* _Recorded data_

lemma C1_slab_has_px:
  assumes "C1_slab T f" "t \<in> {0..T}"
  shows "((\<lambda>s. f t (x + s *\<^sub>R axis j 1)) has_vector_derivative px j f t x) (at 0)"
proof -
  obtain D where D: "\<forall>p \<in> {0..T} \<times> UNIV.
        ((\<lambda>q. f (fst q) (snd q)) has_derivative D p) (at p within {0..T} \<times> UNIV)"
    using assms(1) unfolding C1_slab_def by blast
  have line: "((\<lambda>s. (t, x + s *\<^sub>R axis j 1)) has_derivative (\<lambda>h. (0, h *\<^sub>R axis j 1))) (at 0)"
    by (auto intro!: derivative_eq_intros)
  have "((\<lambda>s. (\<lambda>q. f (fst q) (snd q)) (t, x + s *\<^sub>R axis j 1)) has_derivative
          (\<lambda>h. D (t, x + 0 *\<^sub>R axis j 1) (0, h *\<^sub>R axis j 1))) (at 0)"
    by (rule has_derivative_in_compose2[of "{0..T} \<times> UNIV" "\<lambda>q. f (fst q) (snd q)" D, OF _ _ _ line])
       (use D assms(2) in auto)
  then have "(\<lambda>s. f t (x + s *\<^sub>R axis j 1)) differentiable (at 0)"
    unfolding differentiable_def by auto
  then show ?thesis
    unfolding px_def by (simp add: vector_derivative_works)
qed

lemma pt_eqI:
  assumes "((\<lambda>s. f s x) has_vector_derivative d) (at t within {0..T})" "t \<in> {0..T}" "0 < T"
  shows "pt T f t x = d"
proof -
  have "at t within {0..T} \<noteq> bot"
    using assms(2,3) by (auto simp: trivial_limit_within islimpt_Icc)
  then show ?thesis unfolding pt_def by (rule vector_derivative_within[OF _ assms(1)])
qed

lemma px_eqI:
  assumes "((\<lambda>s. f t (x + s *\<^sub>R axis j 1)) has_vector_derivative d) (at 0)"
  shows "px j f t x = d"
  unfolding px_def by (rule vector_derivative_at[OF assms])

* _PROBLEM TO SOLVE_
Please give only the number of lines above that contain "lemma".

* _ANSWER_
3